O processo de verificação incluiu exames laboratoriais e uma degustação limitada para avaliar a autenticidade e o estado de conservação do vinho.
— Provamos uma quantidade muito pequena para ter certeza de que, do ponto de vista aromático, do equilíbrio no paladar e da percepção geral, o vinho correspondia a um Château d’Yquem daquela idade — explica Toni El Khawand, mestre da adega do Château d’Yquem.
Os testes laboratoriais confirmaram a autenticidade das garrafas. Após essa etapa, as rolhas foram substituídas e cápsulas protetoras passaram a revestir os recipientes originais.
Como o vinho havia cedido gradualmente ao oxigênio ao longo das décadas, a vinícola precisou reengarrafá-lo. Depois do procedimento, apenas cinco garrafas originais retornaram completamente cheias ao castelo.
Durante a apresentação das peças restauradas, El Khawand descreveu a experiência de abrir o vinho como um encontro com o passado.
— O que realmente fazemos quando o abrimos é revelar uma cápsula do tempo. Retiramos essa rolha que manteve o líquido isolado do ambiente ao redor e, de certa forma, da passagem do tempo — diz.
Segundo o mestre da adega, o vinho surpreendeu pelo frescor mesmo após mais de um século.
— É muito, muito fresco, com uma frescura quase ácida.
Ele relatou ainda aromas de cedro, frutas secas, açafrão, canela e noz-moscada, além de “aromas mais típicos de um Château d’Yquem dessa idade: notas de chocolate, café, mocha e aromas de oud”.
Coleção pode valer milhões, mas destino deve ser museu
Embora safras recentes do Yquem sejam vendidas por centenas de dólares por garrafa, o Instituto Nacional do Patrimônio da República Tcheca estima que toda a coleção possa alcançar cerca de US$ 5 milhões em um eventual leilão.
El Khawand evitou atribuir valor financeiro ao conjunto.
— Antes de tudo, isso tem valor moral e histórico — defende.
Para ele, a importância das garrafas ultrapassa o mercado de colecionismo.
— Em última instância, é uma memória. Uma memória líquida, certamente, mas é uma memória de todos aqueles que vieram antes de nós, do trabalho que foi realizado.
Não há planos para vender as garrafas.

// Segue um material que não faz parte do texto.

(* For all integers $p\ge0$ and $r\ge1$, $$T(\{1\}_{p-1},\bar 1,\{1\}_{r-1},\bar 1)=\bar T(\{1\}_{r-1},p+1),$$ where by convention $(\{1\}_{-1},\bar 1)$ is the empty string (so for $p=0$ the left side is $T(\{1\}_{r-1},\bar 1)$).
   Context: $\{1\}_a$ denotes the sequence of $a$ ones. For positive integers $k_1,\dots,k_r$, some entries possibly marked with a bar, $T(\ldots):=2^r\sum_{0<n_1<\cdots<n_r}\frac{\prod_{j\text{ barred}}(-1)^{n_j}}{(2n_1-1)^{k_1}(2n_2-2)^{k_2}\cdots(2n_r-r)^{k_r}}$. $\bar T(k_1,\dots,k_r):=T(k_1,\dots,k_{r-1},\overline{k_r})$ (only the last entry barred). *)

theory Defs
  imports Complex_Main
begin

text \<open>An index entry is a pair (k, barred).\<close>

fun Tpart :: "(nat \<times> bool) list \<Rightarrow> nat \<Rightarrow> nat \<Rightarrow> nat \<Rightarrow> real" where
  "Tpart [] j m N = 1"
| "Tpart ((k, b) # ks) j m N =
     (\<Sum>n\<in>{m<..N}. (if b then (-1) ^ n else 1) / (2 * real n - real j) ^ k
                     * Tpart ks (Suc j) n N)"

definition Tsum :: "(nat \<times> bool) list \<Rightarrow> nat \<Rightarrow> real" where
  "Tsum ks N = 2 ^ length ks * Tpart ks 1 0 N"

definition Tval :: "(nat \<times> bool) list \<Rightarrow> real" where
  "Tval ks = lim (Tsum ks)"

end

theory Submission
  imports Defs "HOL-Analysis.Analysis" "HOL-Real_Asymp.Real_Asymp"
begin
(* For each prime $p$, the function $n\mapsto\mathrm{ord}_p(\overline{F}_n)$ takes both positive and negative values. More precisely: (1) For every prime $p$, $\mathrm{ord}_p(\overline{F}_p)=p-1>0$. (2) $\mathrm{ord}_2(\overline{F}_7)=-1$. For every odd prime $p$, $\mathrm{ord}_p(\overline{F}_{3p-1})=-\frac{p-1}{2}$, and more generally $\mathrm{ord}_p(\overline{F}_n)<0$ for all integers $n$ with $\frac{8}{3}p\le n\le 3p-1$.
   Context: For a positive integer $n$, $\overline{F}_n=\Big(\prod_{1\le h\le k\le n,\ \gcd(h,k)=1}\frac{h}{k}\Big)^{-1}$ is the reciprocal of the product of all nonzero Farey fractions of order $n$. For a nonzero rational $x$, $\mathrm{ord}_p(x)$ is the exponent of the prime $p$ in $x$ (possibly negative). *)

theory Defs
  imports "HOL-Computational_Algebra.Computational_Algebra"
begin

definition farey_bar :: "nat \<Rightarrow> rat" where
  "farey_bar n = inverse (\<Prod>(h, k) \<in> {(h, k). 1 \<le> h \<and> h \<le> k \<and> k \<le> n \<and> coprime h k}.
      (of_nat h / of_nat k :: rat))"

definition rat_ord :: "nat \<Rightarrow> rat \<Rightarrow> int" where
  "rat_ord p x = (case quotient_of x of (a, b) \<Rightarrow>
      int (multiplicity (int p) a) - int (multiplicity (int p) b))"

end

theory Submission
  imports Defs "HOL-Number_Theory.Number_Theory"
begin

text \<open>Grouping the Farey fractions into layers of common denominator \<open>k\<close>,
  \<open>ord\<^sub>p(F\<^sub>n) = \<Sum>\<^sub>k\<^sub>\<le>\<^sub>n \<Sum>\<^sub>h (\<nu>\<^sub>p(k) - \<nu>\<^sub>p(h))\<close>, with \<open>h\<close> running over the totatives of \<open>k\<close>.
  A denominator divisible by \<open>p\<close> contributes \<open>\<phi>(k) \<nu>\<^sub>p(k)\<close>, since its numerators are prime to \<open>p\<close>;
  a denominator \<open>k < p\<^sup>2\<close> prime to \<open>p\<close> contributes minus the number of multiples of \<open>p\<close>
  among its numerators. Below \<open>3p\<close> the contributions are therefore \<open>p - 1\<close> at \<open>k = p\<close>
  and \<open>k = 2p\<close>, \<open>-1\<close> for \<open>p < k < 2p\<close>, and \<open>-1\<close> or \<open>-2\<close> for \<open>2p < k < 3p\<close> according as \<open>k\<close>
  is even or odd, and summing them gives \<open>ord\<^sub>p(F\<^sub>n)\<close> in closed form for \<open>n < 3p\<close>.\<close>

lemma multiplicity_of_nat_of_nat:
  "multiplicity (int p) (int k) = multiplicity p k"
  unfolding multiplicity_def
  by (simp add: of_nat_power[symmetric] of_nat_dvd_iff del: of_nat_power)
lemma trel_if_phi_rep_eq:
  assumes p: "p \<in> fibprod (tw_bun K X \<eta>) (tw_bun K X \<xi>) n"
    and q: "q \<in> fibprod (tw_bun K X \<eta>) (tw_bun K X \<xi>) n"
    and eq: "phi_rep K n p = phi_rep K n q"
  shows "(p, q) \<in> trel K (tw_bun K X \<eta>) (tw_bun K X \<xi>) n"
proof -
  obtain g h x where p_eq: "p = ((g, x), (h, x))"
    and cells_p: "g \<in> cells K n" "h \<in> cells K n" "x \<in> cells X n"
    using p by (cases p) (auto simp: fibprod_def)
  obtain g' h' x' where "q = ((g', x'), (h', x'))" and cells_q: "g' \<in> cells K n" "h' \<in> cells K n"
    using q by (cases q) (auto simp: fibprod_def)
  then have pq: "p = ((g, x), (h, x))" "q = ((g', x), (h', x))"
    using p_eq eq by simp_all
  obtain k where k: "k \<in> cells K n" "g' = gmul K n k g"
    using gmul_solve_left[OF K cells_p(1) cells_q(1)] by blast
  have "gmul K n g (gmul K n k h') = gmul K n g h"
    using eq k cells_p cells_q by (simp add: pq gmul_balanced[OF K])
  then have h: "h = gmul K n k h'"
    using cells_p cells_q k by (simp add: K gmul_left_cancel)
  have "(q, p) \<in> tgen K (tw_bun K X \<eta>) (tw_bun K X \<xi>) n"
    unfolding tgen_def using pq k h cells_p cells_q K
    by (auto simp: fibprod_def intro!: exI[of _ "(g, x)"])
  then show ?thesis
    unfolding trel_def by (intro r_into_rtrancl UnI2 converseI)
qed

lemma phi_tensor_closed:
  "c \<in> cells (tot (tensor K (tw_bun K X \<eta>) (tw_bun K X \<xi>))) n \<Longrightarrow>
   phi K n c \<in> cells K n \<times> cells X n"
  by (erule tensor_trep_pairE) (simp_all add: phi_eq_phi_rep_trep K)
(* Let $\Gamma\subseteq\mathbb{R}^D$ ($D\in[1,\infty]$) be orthosymmetric, convex and compact. Then for every $\epsilon>0$, $$D\Big(\Gamma,\frac{\epsilon}{D_{\mathsf c}(\Gamma,\epsilon)}\Big)\ge\frac{D_{\mathsf c}(\Gamma,\epsilon)}{2}-2.$$
   Context: Orthosymmetric: closed under flipping signs of any coordinates. Kolmogorov dimension $D(\Gamma,\epsilon)$: the smallest integer $d$ such that $\inf_{\Pi_d}\sup_{\boldsymbol\theta\in\Gamma}\|\boldsymbol\theta-\Pi_d\boldsymbol\theta\|_2\le\epsilon$, the infimum over all $d$-dimensional (orthogonal) linear projections $\Pi_d$. Coordinate-wise Kolmogorov dimension $D_{\mathsf c}(\Gamma,\epsilon)$: the smallest integer $d$ such that there is a set $A$ of $d$ coordinate indices with $\sup_{\boldsymbol\theta\in\Gamma}\sum_{i\notin A}\theta_i^2\le\epsilon^2$. *)

theory Defs
  imports "HOL-Analysis.Analysis"
begin

text \<open>Ambient space: the sequence space l2 over a countable index type 'i.
  A finite type 'i gives R^D with D = CARD('i); 'i = nat gives D = infinity.\<close>

definition l2 :: "('i \<Rightarrow> real) set" where
  "l2 = {f. (\<lambda>i. (f i)\<^sup>2) summable_on UNIV}"

definition l2inner :: "('i \<Rightarrow> real) \<Rightarrow> ('i \<Rightarrow> real) \<Rightarrow> real" where
  "l2inner f g = (\<Sum>\<^sub>\<infinity>i. f i * g i)"
(* Let $G=(V,E)$ be a finite planar embedded graph, $\mathbf{p}$ a packing of $G$, $V=V^+\sqcup V^-\sqcup V^=\sqcup V^0$ a partition, and $\mathbf{p}'$ a nontrivial proper infinitesimal flex. Then exactly one of the following holds: (1) $\mathbf{p}'$ is extendable; (2) there exists an equilibrium stress $\omega$ blocking $\mathbf{p}'$.
   Context: A packing of $G=(V,E)$, $V=\{1,\dots,n\}$, is $\mathbf{p}=(x_1,y_1,r_1,\dots,x_n,y_n,r_n)\in\mathbb{R}^{3n}$, all $r_i>0$, with $(r_i+r_j)^2=(x_i-x_j)^2+(y_i-y_j)^2$ for all $(i,j)\in E$ and the neighbors of each vertex in the same counterclockwise order as in the embedding; $\mathbf{p}_i=(x_i,y_i)$. Partition: $V^+$ (radius may increase or stay), $V^-$ (may decrease or stay), $V^=$ (fixed), $V^0$ (free). An infinitesimal flex is $\mathbf{p}'$ with $(\mathbf{p}_i-\mathbf{p}_j)\cdot(\mathbf{p}_i'-\mathbf{p}_j')=(r_i+r_j)(r_i'+r_j')$ for all edges; proper if $r_i'\ge 0$ on $V^+$, $\le0$ on $V^-$, $=0$ on $V^=$; trivial if it is the derivative of a family of rigid motions (rotations/translations of centers, radii unchanged). For proper $\mathbf{p}'$, the modified partition is $\tilde V^+=\{i\in V^+:r_i'=0\}$, $\tilde V^-=\{i\in V^-:r_i'=0\}$, $\tilde V^==V^=$, $\tilde V^0$ the rest. $\mathbf{p}'$ is extendable if there is $\mathbf{p}''\in\mathbb{R}^{3n}$ with $(\mathbf{p}_i-\mathbf{p}_j)\cdot(\mathbf{p}_i''-\mathbf{p}_j'')-(r_i+r_j)(r_i''+r_j'')=(r_i'+r_j')^2-(\mathbf{p}_i'-\mathbf{p}_j')\cdot(\mathbf{p}_i'-\mathbf{p}_j')$ for all $(i,j)\in E$, and $r_i''\ge0$ on $\tilde V^+$, $\le 0$ on $\tilde V^-$, $=0$ on $\tilde V^=$. A stress $\omega:E\to\mathbb{R}$ is an equilibrium stress if $\sum_{j:(i,j)\in E}\omega_{ij}(\mathbf{p}_i-\mathbf{p}_j)=0$ for all $i$; its radial force sum is $\omega_i=\sum_{j:(i,j)\in E}\omega_{ij}(r_i+r_j)$. An equilibrium stress $\omega$ blocks $\mathbf{p}'$ if $\omega_i\ge 0$ for $i\in\tilde V^-$, $\omega_i\le0$ for $i\in\tilde V^+$, $\omega_i=0$ for $i\in\tilde V^0$, and $\sum_{(i,j)\in E}\omega_{ij}[(\mathbf{p}_i'-\mathbf{p}_j')\cdot(\mathbf{p}_i'-\mathbf{p}_j')-(r_i'+r_j')^2]>0$. *)

theory Defs
  imports Complex_Main
begin

text \<open>Vertices are 1..n. Undirected edges are stored once each as ordered pairs (i,j) in E.
Centres of discs are complex numbers (points of R^2), radii are reals.\<close>

definition adj :: "(nat \<times> nat) set \<Rightarrow> nat \<Rightarrow> nat \<Rightarrow> bool" where
  "adj E i j \<longleftrightarrow> (i, j) \<in> E \<or> (j, i) \<in> E"

definition nbrs :: "(nat \<times> nat) set \<Rightarrow> nat \<Rightarrow> nat set" where
  "nbrs E i = {j. adj E i j}"

definition simple_graph :: "nat \<Rightarrow> (nat \<times> nat) set \<Rightarrow> bool" where
  "simple_graph n E \<longleftrightarrow> E \<subseteq> {1..n} \<times> {1..n} \<and> (\<forall>i. (i, i) \<notin> E)
     \<and> (\<forall>i j. (i, j) \<in> E \<longrightarrow> (j, i) \<notin> E)"

text \<open>Combinatorial embedding: rotation system (counterclockwise cyclic order of neighbours).\<close>
definition rotation_system :: "nat \<Rightarrow> (nat \<times> nat) set \<Rightarrow> (nat \<Rightarrow> nat list) \<Rightarrow> bool" where
  "rotation_system n E rot \<longleftrightarrow> (\<forall>i\<in>{1..n}. distinct (rot i) \<and> set (rot i) = nbrs E i)"
(* Let $\mathcal H$ be a separable Hilbert space, $(X,\mathcal M,\mu)$ a $\sigma$-finite measure space, and $\{\phi_t\}_{t\in X}$ a continuous Bessel family over $X$ in $\mathcal H$. Let $\mathcal M'\subset\mathcal M$ be the $\sigma$-algebra generated by the sets $\{t\in X:\phi_t\in U\}$, where $U$ ranges over open subsets of $\mathcal H$. Then the measure algebra associated with $(X,\mathcal M',\mu)$ is separable.
   Context: A family $\{\phi_t\}_{t\in X}$ of vectors in $\mathcal H$ is a continuous Bessel family (with bound $B$) over the measure space $(X,\mu)$ if (i) for each $f\in\mathcal H$ the function $t\mapsto\langle f,\phi_t\rangle$ is measurable, and (ii) there is $B<\infty$ with $\int_X|\langle f,\phi_t\rangle|^2\,d\mu(t)\le B\|f\|^2$ for all $f\in\mathcal H$. The measure algebra of a measure space $(X,\mathcal N,\mu)$ consists of equivalence classes of sets in $\mathcal N$ under $E\sim F\iff\mu(E\triangle F)=0$; it is called separable if the set of (classes of) sets of finite measure with the metric $\rho(E,F)=\mu(E\triangle F)$ is a separable metric space. *)

theory Defs
  imports "HOL-Analysis.Analysis"
begin

definition continuous_bessel_family :: "'b measure \<Rightarrow> ('b \<Rightarrow> 'a::real_inner) \<Rightarrow> bool" where
  "continuous_bessel_family M \<phi> \<longleftrightarrow>
     (\<forall>f. (\<lambda>t. inner f (\<phi> t)) \<in> borel_measurable M) \<and>
     (\<exists>B::real. \<forall>f. (\<integral>\<^sup>+ t. ennreal ((inner f (\<phi> t))\<^sup>2) \<partial>M) \<le> ennreal (B * (norm f)\<^sup>2))"

text \<open>Separability of the measure algebra of (space M, A, emeasure M restricted to A):
  the sets of A of finite measure, with pseudometric mu(E symdiff F), form a separable space.
  (Passing to the quotient by null sets does not affect separability.)\<close>
definition separable_measure_algebra :: "'b measure \<Rightarrow> 'b set set \<Rightarrow> bool" where
  "separable_measure_algebra M A \<longleftrightarrow>
     (\<exists>D. countable D \<and> D \<subseteq> {E \<in> A. emeasure M E < \<infinity>} \<and>
        (\<forall>E \<in> A. emeasure M E < \<infinity> \<longrightarrow>
           (\<forall>e::real. e > 0 \<longrightarrow> (\<exists>F \<in> D. emeasure M ((E - F) \<union> (F - E)) < ennreal e))))"

end

theory Submission
  imports Defs
begin
lemma sum_Gmono_majorant_le:
  assumes "\<forall>j<length u. 0 \<le> u ! j \<and> u ! j < 1"
    and "finite F" and "F \<subseteq> {a. length a = length u}"
  shows "sum (Gmono_majorant u) F \<le> (\<Prod>j<length u. 1 / (1 - (u ! j)\<^sup>2))"
  using assms
proof (induction u arbitrary: F)
  case Nil
  then have "F = {} \<or> F = {[]}" by auto
  then show ?case by (auto simp: Gmono_majorant_def)
next
  case (Cons v u)
  have v: "0 \<le> v" "v\<^sup>2 < 1" using Cons.prems(1) by (auto simp: abs_square_less_1)
  have u: "\<forall>j<length u. 0 \<le> u ! j \<and> u ! j < 1" using Cons.prems(1) by auto
  let ?B = "hd ` F" and ?T = "tl ` F"
  have "F \<subseteq> (\<lambda>(b, a). b # a) ` (?B \<times> ?T)"
  proof
    fix a assume "a \<in> F"
    moreover from this have "a = hd a # tl a" using Cons.prems(3) by (cases a) auto
    ultimately show "a \<in> (\<lambda>(b, a). b # a) ` (?B \<times> ?T)" by force
  qed
  then have "sum (Gmono_majorant (v # u)) F
      \<le> sum (Gmono_majorant (v # u)) ((\<lambda>(b, a). b # a) ` (?B \<times> ?T))"
    using Cons.prems by (intro sum_mono2 Gmono_majorant_nonneg) auto
  also have "\<dots> = (\<Sum>(b, a)\<in>?B \<times> ?T. v ^ (2 * b) * Gmono_majorant u a)"
    by (subst sum.reindex) (auto simp: inj_on_def Gmono_majorant_Cons intro: sum.cong)
  also have "\<dots> = (\<Sum>b\<in>?B. (v\<^sup>2) ^ b) * sum (Gmono_majorant u) ?T"
    by (simp add: sum_product sum.cartesian_product power_mult)
  also have "\<dots> \<le> (1 / (1 - v\<^sup>2)) * (\<Prod>j<length u. 1 / (1 - (u ! j)\<^sup>2))"
  proof (rule mult_mono)
    have "(\<Sum>b\<in>?B. (v\<^sup>2) ^ b) \<le> (\<Sum>b. (v\<^sup>2) ^ b)"
      using v Cons.prems(2) by (intro sum_le_suminf summable_geometric) auto
    then show "(\<Sum>b\<in>?B. (v\<^sup>2) ^ b) \<le> 1 / (1 - v\<^sup>2)"
      using v by (simp add: suminf_geometric)
    show "sum (Gmono_majorant u) ?T \<le> (\<Prod>j<length u. 1 / (1 - (u ! j)\<^sup>2))"
      using Cons.prems by (intro Cons.IH u) auto
  qed (use v u in \<open>auto intro!: sum_nonneg Gmono_majorant_nonneg\<close>)
  also have "\<dots> = (\<Prod>j<length (v # u). 1 / (1 - ((v # u) ! j)\<^sup>2))"
    unfolding length_Cons prod.lessThan_Suc_shift by simp
  finally show ?case .
qed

O castelo de Becov pretende exibir todos os recipientes da coleção que ainda contêm vinho e conhaque, incluindo um xerez Pedro Ximénez de 1899 e um vinho do Porto de 1892.
Para viabilizar a mostra, o local iniciou uma campanha de arrecadação destinada a financiar a nova exposição. A responsável pelas coleções do castelo, Katerina Nyvltova, afirmou que o avanço do projeto dependerá dos recursos obtidos.
— Se conseguirmos arrecadar o dinheiro, certamente vamos querer fazer uma análise mais aprofundada dos vinhos. E, se pudermos restaurar o restante, certamente faremos isso — diz.